Duration of complete analgesia (time to VAS > 0)

Table 2 shows the summary of findings for the primary outcome. Eight studies examining three opioids (fentanyl, sufentanil, and morphine) and one combination (fentanyl and morphine) with 572 patients were selected [37, 39, 44, 53, 54, 62, 63, 82]. Eight trial arms with direct comparisons were identified. All Bayesian parameters were well converged (Supplementary Table S3A). Compared with the placebo, when fentanyl, sufentanil (lipophilic), and morphine (hydrophilic) were added alone to local anesthetics, the duration of complete analgesia was significantly prolonged by 96 (95% CrI: 29–170) min, 96 (4.9–190) min, and 190 (29–360) min, respectively.
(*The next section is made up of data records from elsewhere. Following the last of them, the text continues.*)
lemma integral_le_sqrt_mult_L2_bound:
  fixes f :: "real \<Rightarrow> real"
  assumes T: "0 < T" and f: "continuous_on {0..T} f" and M: "0 \<le> M"
    and L2: "integral {0..T} (\<lambda>s. (f s)\<^sup>2) \<le> M\<^sup>2"
  shows "integral {0..T} f \<le> sqrt T * M"
proof -
  have young: "integral {0..T} f \<le> M\<^sup>2 / (2 * r) + r * T / 2" if r: "0 < r" for r
  proof -
    have "f s \<le> (f s)\<^sup>2 / (2 * r) + r / 2" for s
    proof -
      have "0 \<le> (f s - r)\<^sup>2" by simp
      then show ?thesis using r by (simp add: field_simps power2_eq_square)
    qed
    then have "integral {0..T} f \<le> integral {0..T} (\<lambda>s. (f s)\<^sup>2 / (2 * r) + r / 2)"
      using r by (intro integral_le integrable_continuous_interval continuous_intros f) auto
    also have "\<dots> = integral {0..T} (\<lambda>s. (f s)\<^sup>2) / (2 * r) + r * T / 2"
      using T r by (subst integral_add) (auto intro!: integrable_continuous_interval continuous_intros f)
    also have "\<dots> \<le> M\<^sup>2 / (2 * r) + r * T / 2"
      using L2 r by (simp add: divide_right_mono)
    finally show ?thesis .
  qed
  show ?thesis
  proof (cases "M = 0")
    case True
    show ?thesis
    proof (rule field_le_epsilon)
      fix e :: real assume "0 < e"
      then show "integral {0..T} f \<le> sqrt T * M + e"
        using young[of "2 * e / T"] T True by simp
    qed
  next
    case False
    then have "M\<^sup>2 / (2 * (M / sqrt T)) + M / sqrt T * T / 2 = sqrt T * M"
      using T by (simp add: field_simps power2_eq_square)
    then show ?thesis using young[of "M / sqrt T"] False M T by simp
  qed
qed
lemma bp_path:
  assumes "x \<notin> T"
  shows "path_in (- T) (bp_path T x)" "pathstart (bp_path T x) = bp" "pathfinish (bp_path T x) = x"
proof -
  have "path_connected (- T)"
    using finite_T by (intro path_connected_complement_countable) (auto simp: countable_finite)
  then have ex: "\<exists>k. path k \<and> path_image k \<subseteq> - T \<and> pathstart k = bp \<and> pathfinish k = x"
    using assms bp_notin_T unfolding path_connected_def by blast
  have "path (bp_path T x) \<and> path_image (bp_path T x) \<subseteq> - T \<and> pathstart (bp_path T x) = bp
      \<and> pathfinish (bp_path T x) = x"
  proof (cases "x = bp")
    case True
    then show ?thesis
      using bp_notin_T by (simp add: bp_path_def)
  next
    case False
    then show ?thesis
      using someI_ex[OF ex] by (simp add: bp_path_def)
  qed
  then show "path_in (- T) (bp_path T x)" "pathstart (bp_path T x) = bp" "pathfinish (bp_path T x) = x"
    by (auto simp: path_in_def)
qed

lemma based_class_carrier:
  assumes "path_in (- T) p"
  shows "based_class T p \<in> carrier (Gpi T)"
proof -
  have "pathstart p \<notin> T" "pathfinish p \<notin> T"
    using path_in_ends[OF assms] by auto
  then have "bp_loop T (bp_path T (pathstart p) +++ p +++ reversepath (bp_path T (pathfinish p)))"
    using assms bp_path[of "pathstart p"] bp_path[of "pathfinish p"]
    by (auto simp: bp_loop_def path_in_def path_image_join)
  then show ?thesis
    unfolding based_class_def by (rule path_class_in_carrier)
qed
lemma run_subset_collected:
  assumes "terminates A h"
  shows "run A h n \<subseteq> collected A h"
proof -
  obtain N where N: "A (run A h N) = None" using assms unfolding terminates_def by blast
  have "run A h n \<subseteq> run A h (max n N)" by (rule run_mono) simp
  also have "\<dots> = run A h N"
    using run_stable[where A=A and h=h and n=N and k="max n N - N", OF N] by simp
  finally show ?thesis using collected_eq_run[where A=A and h=h, OF N] by simp
qed

lemma runs_stop_uniformly:
  assumes "finite H" "\<forall>h\<in>H. terminates A h"
  obtains M where "\<And>h. h \<in> H \<Longrightarrow> collected A h = run A h M"
proof
  define N where "N h = (LEAST n. A (run A h n) = None)" for h
  fix h assume h: "h \<in> H"
  have N: "A (run A h (N h)) = None"
    unfolding N_def by (rule LeastI_ex) (use assms(2) h in \<open>auto simp: terminates_def\<close>)
  have "N h \<le> Max (N ` H)" using assms(1) h by simp
  then have "run A h (Max (N ` H)) = run A h (N h)"
    using run_stable[where A=A and h=h and n="N h" and k="Max (N ` H) - N h", OF N] by simp
  then show "collected A h = run A h (Max (N ` H))"
    using collected_eq_run[where A=A and h=h, OF N] by simp
qed

lemma run_consistent_or_diverges:
  assumes "H \<noteq> {}"
  obtains "version_space H (run A g n) \<noteq> {}"
  | k h x where "h \<in> H" "run A h k = run A g k" "A (run A g k) = Some x" "h x \<noteq> g x"
      "version_space H (run A g (Suc k)) = {}"
proof (cases "version_space H (run A g n) = {}")
  case True
  moreover have "version_space H (run A g 0) \<noteq> {}"
    using assms unfolding version_space_def by simp
  ultimately obtain k where k: "version_space H (run A g k) \<noteq> {}"
      "version_space H (run A g (Suc k)) = {}"
    using ex_least_nat_less[of "\<lambda>n. version_space H (run A g n) = {}" n] by blast
  then obtain h where h: "h \<in> H" "\<forall>(x, y)\<in>run A g k. y = h x"
    unfolding version_space_def by auto
  have run_h: "run A h k = run A g k" using h(2) by (rule run_eq_if_consistent)
  obtain x where x: "A (run A g k) = Some x"
    using k by (cases "A (run A g k)") auto
  have diverges: "h x \<noteq> g x"
  proof
    assume "h x = g x"
    then have "h \<in> version_space H (run A g (Suc k))"
      using x h unfolding version_space_def by auto
    with k(2) show False by simp
  qed
  show ?thesis using h(1) run_h x diverges k(2) by (rule that(2))
qed (use that(1) in blast)

lemma min_submodular_le_sum_singletons:
  fixes f :: "'a set \<Rightarrow> real"
  assumes "submodular f" "f {} = 0" "\<And>S. f S \<ge> 0" "Q \<ge> 0" "finite S"
  shows "min (f S) Q \<le> (\<Sum>z\<in>S. min (f {z}) Q)"
  using assms(5)
proof (induction S rule: finite_induct)
  case (insert z S)
  have "f ({z} \<union> S) + f ({z} \<inter> S) \<le> f {z} + f S"
    using assms(1) unfolding submodular_def by blast
  then have "f (insert z S) \<le> f {z} + f S" using insert assms(2) by simp
  then have "min (f (insert z S)) Q \<le> min (f {z}) Q + min (f S) Q"
    using assms(3)[of "{z}"] assms(3)[of S] assms(4) by linarith
  then show ?case using insert by simp
qed (use assms in simp)

subsection \<open>Cost ratios\<close>

lemma sorted_nth_1_le:
  fixes L :: "'a::linorder list"
  assumes "sorted L" "2 \<le> length (filter (\<lambda>v. v \<le> b) L)"
  shows "L ! 1 \<le> b"
proof (rule ccontr)
  assume "\<not> L ! 1 \<le> b"
  have "2 \<le> length L" using assms(2) length_filter_le order_trans by blast
  then obtain a0 a1 r where L: "L = a0 # a1 # r"
    by (cases L rule: remdups_adj.cases) auto
  have "\<forall>v\<in>set r. a1 \<le> v" using assms(1) L by simp
  then have "filter (\<lambda>v. v \<le> b) (a1 # r) = []"
    using \<open>\<not> L ! 1 \<le> b\<close> L by (auto simp: filter_empty_conv)
  then have "length (filter (\<lambda>v. v \<le> b) L) \<le> 1" using L by simp
  then show False using assms(2) by simp
qed
lemma optimal_ascent_direction_cost_pos:
  fixes C X D R Ri :: "real^'n^'n" and A :: "'m::finite \<Rightarrow> real^'n^'n"
  assumes symC: "sym_mat C" and symA: "\<And>i. sym_mat (A i)"
    and C_not_span: "\<not> (\<exists>y::real^'m. C = (\<Sum>i\<in>UNIV. y $ i *\<^sub>R A i))"
    and R: "sym_mat R" "sym_mat Ri" "R ** Ri = mat 1" "Ri ** R = mat 1"
    and X_opt: "QP_optimal C A b (Ri ** Ri) \<alpha> X" and \<alpha>: "\<alpha> > 0"
    and D: "sym_mat D" "Amap A D = 0"
    and dir: "\<alpha> * ((R ** X ** R) \<bullet> (R ** D ** R)) < norm (R ** X ** R) * trace (R ** D ** R)"
  shows "0 < trace (C ** D)"
proof -
  obtain Rc where Rc: "sym_mat Rc" "Amap A Rc = 0" "0 < trace (C ** Rc)"
    using exists_kernel_direction_cost_pos[OF symC symA C_not_span] by blast
  define g where "g W = norm (R ** X ** R) * trace (R ** W ** R) - \<alpha> * ((R ** X ** R) \<bullet> (R ** W ** R))"
    for W
  define \<epsilon> where "\<epsilon> = g D / (2 * (\<bar>g Rc\<bar> + 1))"
  have "g D > 0" using dir by (simp add: g_def)
  then have "\<epsilon> > 0" by (simp add: \<epsilon>_def add_pos_nonneg)
  have "\<epsilon> * \<bar>g Rc\<bar> = (g D / 2) * (\<bar>g Rc\<bar> / (\<bar>g Rc\<bar> + 1))" by (simp add: \<epsilon>_def field_simps)
  also have "\<dots> \<le> g D / 2" using \<open>g D > 0\<close> by (intro mult_left_le) (auto simp: divide_le_eq)
  finally have "\<epsilon> * g Rc < g D"
    using \<open>g D > 0\<close> \<open>\<epsilon> > 0\<close> mult_left_mono[OF abs_ge_self[of "g Rc"], of \<epsilon>] by linarith
  moreover have "g (D - \<epsilon> *\<^sub>R Rc) = g D - \<epsilon> * g Rc"
    by (simp add: g_def matrix_diff_ldistrib matrix_diff_rdistrib matrix_scalar_ac
        scalar_matrix_assoc[symmetric] trace_sub trace_scaleR inner_diff_right algebra_simps)
  ultimately have "0 < g (D - \<epsilon> *\<^sub>R Rc)" by simp
  moreover have "sym_mat (D - \<epsilon> *\<^sub>R Rc)" "Amap A (D - \<epsilon> *\<^sub>R Rc) = 0"
    using D Rc by (simp_all add: sym_mat_diff sym_mat_scaleR linear_diff[OF linear_Amap]
        linear_cmul[OF linear_Amap])
  ultimately have "0 \<le> trace (C ** (D - \<epsilon> *\<^sub>R Rc))"
    using optimal_ascent_direction_cost_nonneg[OF R X_opt \<alpha>] by (simp add: g_def)
  then have "\<epsilon> * trace (C ** Rc) \<le> trace (C ** D)"
    by (simp add: matrix_diff_ldistrib trace_sub matrix_scalar_ac scalar_matrix_assoc[symmetric] trace_scaleR)
  moreover have "0 < \<epsilon> * trace (C ** Rc)" using \<open>\<epsilon> > 0\<close> Rc(3) by simp
  ultimately show ?thesis by linarith
qed
(* Let $f:M\to\mathbb{R}^3$ be an immersion with eq\"uiaffine transversal vector field $\xi$ and positive definite induced bilinear form $h$, let $(u,v)$ be isothermal coordinates centered at an umbilical point $(0,0)$ with $\lambda_0=b_{11}(0,0)=b_{22}(0,0)\neq0$, and set $q_0=f(0,0)+\lambda_0^{-1}\xi(0,0)$. Let $\nu$ be the co-normal, $p=\nu\cdot(f-q_0)$ the support function, $\mathcal{P}=(p_{uu}-p_{vv},\,2p_{uv})$ and $\mathcal{B}=(b_{11}-b_{22},\,2b_{12})$. Then $$J_1\mathcal{P}(0,0)=\lambda_0^{-1}\delta_0\,J_1\mathcal{B}(0,0),$$ where $J_1$ denotes the $1$-jet at $(0,0)$ and $\delta_0=\delta(0,0)$ with $\delta=[f_u,f_v,\xi][\nu,\nu_u,\nu_v]/\rho$.
   Context: $D$ is the flat connection of $\mathbb{R}^3$; $h$ and the shape operator $B$ are defined by $D_Xf_*Y=f_*(\nabla_XY)+h(X,Y)\xi$, $D_X\xi=-f_*(BX)+\tau(X)\xi$, eq\"uiaffine meaning $\tau=0$. Isothermal coordinates: $h(\partial_u,\partial_u)=h(\partial_v,\partial_v)=\rho$, $h(\partial_u,\partial_v)=0$. The matrix of $B$ is given by $\xi_u=-b_{11}f_u-b_{21}f_v$, $\xi_v=-b_{12}f_u-b_{22}f_v$ (with $b_{12}=b_{21}$). Umbilical: $B$ a multiple of the identity. The co-normal $\nu$ is defined by $\nu\cdot f_u=\nu\cdot f_v=0$, $\nu\cdot\xi=1$. $[a,b,c]$ is the determinant of three vectors. *)

theory Defs
  imports "HOL-Analysis.Analysis"
begin
text \<open>The vectors of B are replaced one at a time by nearby vectors z avoiding span X and
  every span (L \<union> X), where X consists of the vectors chosen so far; the dimension bounds make
  these proper subspaces.\<close>

lemma exists_perturbation_avoiding_subspaces:
  fixes A B :: "'a::euclidean_space set" and F :: "'a set set"
  assumes "finite B" "finite F" "independent A"
    and "\<forall>L\<in>F. subspace L \<and> dim L + card A + card B \<le> DIM('a) \<and> span A \<inter> L \<subseteq> {0}"
    and "card A + card B \<le> DIM('a)" "\<eta> > 0"
  shows "\<exists>w. (\<forall>b\<in>B. norm (w b - b) < \<eta>) \<and> independent (A \<union> w ` B) \<and>
      card (A \<union> w ` B) = card A + card B \<and> (\<forall>L\<in>F. span (A \<union> w ` B) \<inter> L \<subseteq> {0})"
  using assms
proof (induction B rule: finite_induct)
  case empty
  then show ?case by auto
next
  case (insert b B)
  then obtain w where w_near: "\<forall>b\<in>B. norm (w b - b) < \<eta>" and indep: "independent (A \<union> w ` B)"
      and card: "card (A \<union> w ` B) = card A + card B" and avoid: "\<forall>L\<in>F. span (A \<union> w ` B) \<inter> L \<subseteq> {0}"
    by fastforce
  define X where "X = A \<union> w ` B"
  have "finite X" using indep finiteI_independent unfolding X_def by blast
  define F' where "F' = insert (span X) ((\<lambda>L. span (L \<union> X)) ` F)"
  have "card X + 1 \<le> DIM('a)" using card insert.prems(4) insert.hyps unfolding X_def by simp
  have "dim (span X) < DIM('a)"
    using \<open>card X + 1 \<le> DIM('a)\<close> dim_eq_card_independent[OF indep] unfolding X_def by simp
  moreover have "dim (span (L \<union> X)) < DIM('a)" if "L \<in> F" for L
    using dim_Un_le_card[OF \<open>finite X\<close>, of L] insert.prems(3) insert.hyps that card
    unfolding X_def by fastforce
  ultimately have "\<forall>L'\<in>F'. subspace L' \<and> dim L' < DIM('a)" unfolding F'_def by auto
  moreover have "finite F'" unfolding F'_def using insert.prems(1) by simp
  ultimately obtain z where z_near: "norm (z - b) < \<eta>" and z_avoid: "\<forall>L\<in>F'. z \<notin> L"
    using exists_near_notin_subspaces \<open>\<eta> > 0\<close> by blast
  have "z \<notin> span X" using z_avoid unfolding F'_def by blast
  define w' where "w' = w(b := z)"
  have "w' ` B = w ` B" unfolding w'_def using insert.hyps(2) by (auto intro!: image_cong)
  then have X': "A \<union> w' ` insert b B = insert z X" unfolding X_def w'_def by auto
  show ?case
  proof (intro exI[of _ w'] conjI)
    show "\<forall>b'\<in>insert b B. norm (w' b' - b') < \<eta>"
      using w_near z_near insert.hyps(2) by (auto simp: w'_def)
    show "independent (A \<union> w' ` insert b B)"
      unfolding X' using independent_insertI[OF \<open>z \<notin> span X\<close>] indep X_def by blast
    have "z \<notin> X" using \<open>z \<notin> span X\<close> span_superset by blast
    then have "card (insert z X) = card X + 1" using \<open>finite X\<close> by simp
    then show "card (A \<union> w' ` insert b B) = card A + card (insert b B)"
      unfolding X' using card insert.hyps unfolding X_def by simp
    show "\<forall>L\<in>F. span (A \<union> w' ` insert b B) \<inter> L \<subseteq> {0}"
    proof
      fix L assume "L \<in> F"
      then have "span X \<inter> L \<subseteq> {0}" and "z \<notin> span (L \<union> X)"
        using avoid z_avoid unfolding X_def F'_def by auto
      then show "span (A \<union> w' ` insert b B) \<inter> L \<subseteq> {0}"
        unfolding X' by (rule span_insert_Int_subset_zero)
    qed
  qed
qed

lemma orthonormal_basis_subspace_containing:
  fixes V :: "'a::euclidean_space set"
  assumes "subspace V" "v \<in> V" "norm v = 1"
  obtains E where "v \<in> E" "span E = V" "pairwise orthogonal E" "\<And>e. e \<in> E \<Longrightarrow> norm e = 1"
    "independent E" "card E = dim V"
proof -
  define V' where "V' = V \<inter> {y. v \<bullet> y = 0}"
  have "subspace V'" unfolding V'_def using assms(1) subspace_hyperplane by (rule subspace_inter)
  then obtain B where B: "B \<subseteq> V'" "pairwise orthogonal B" "\<And>x. x \<in> B \<Longrightarrow> norm x = 1"
    and span_B: "span B = V'"
    using orthonormal_basis_subspace[of V'] by blast
  have "orthogonal v y" if "y \<in> B" for y
    using B(1) that unfolding V'_def by (auto simp: orthogonal_def)
  then have orth: "pairwise orthogonal (insert v B)"
    using B(2) unfolding pairwise_insert by (simp add: orthogonal_commute)
  have unit: "\<And>e. e \<in> insert v B \<Longrightarrow> norm e = 1" using B(3) assms(3) by auto
  then have indep: "independent (insert v B)"
    using orth pairwise_orthogonal_independent by force
  have "insert v B \<subseteq> V" using assms(2) B(1) unfolding V'_def by blast
  then have "span (insert v B) \<subseteq> V" using assms(1) by (rule span_minimal)
  moreover have "y \<in> span (insert v B)" if "y \<in> V" for y
  proof -
    have "v \<bullet> (y - (v \<bullet> y) *\<^sub>R v) = 0"
      using assms(3) by (simp add: inner_diff_right norm_eq_1)
    moreover have "y - (v \<bullet> y) *\<^sub>R v \<in> V"
      using that assms(1,2) by (simp add: subspace_diff subspace_scale)
    ultimately have "y - (v \<bullet> y) *\<^sub>R v \<in> V'" unfolding V'_def by simp
    then show ?thesis unfolding span_insert span_B by blast
  qed
  ultimately have span: "span (insert v B) = V" by blast
  then have "card (insert v B) = dim V"
    using dim_eq_card_independent[OF indep] dim_span by metis
  with that[of "insert v B"] orth unit indep span show ?thesis by blast
qed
The differences were not significant among the three opioids (Supplementary Table S4A). The fentanyl and morphine combination did not prolong the duration of complete analgesia. The node-splitting model revealed no evidence of incoherence (inconsistency) between the direct and indirect comparisons (Supplementary Table S5A). The comparison-adjusted funnel plot and Egger’s test results indicate that publication bias was unlikely (Supplementary Figure S3A and Table S6A). The SUCRA results showed that the interventions with the best probability of achieving the longest duration of complete analgesia were morphine (87.1%), followed by fentanyl and morphine combination (65.3%), sufentanil (48.0%), fentanyl (47.5%), and placebo (2.2%) (Table 2). For model fit, the \(\overline{D }\) res was 20.0 and pD was 18.7, suggesting that the model represented the data well (Supplementary Table S7A). For risk of bias, all comparisons were rated as low or unclear (Supplementary Figure S4A). For imprecision, 60% of interval estimates in comparisons exceeded null values, indicating major concerns in data precision (Supplementary Table S8A). For heterogeneity, 33% of confidence and prediction interval estimates in comparisons extended into clinically important effects in both directions, indicating major concerns in heterogeneity (Supplementary Table S9A). The GRADE outcome results are detailed in Supplementary Table S10A. The certainty of evidence was low in 5 of 10 comparisons.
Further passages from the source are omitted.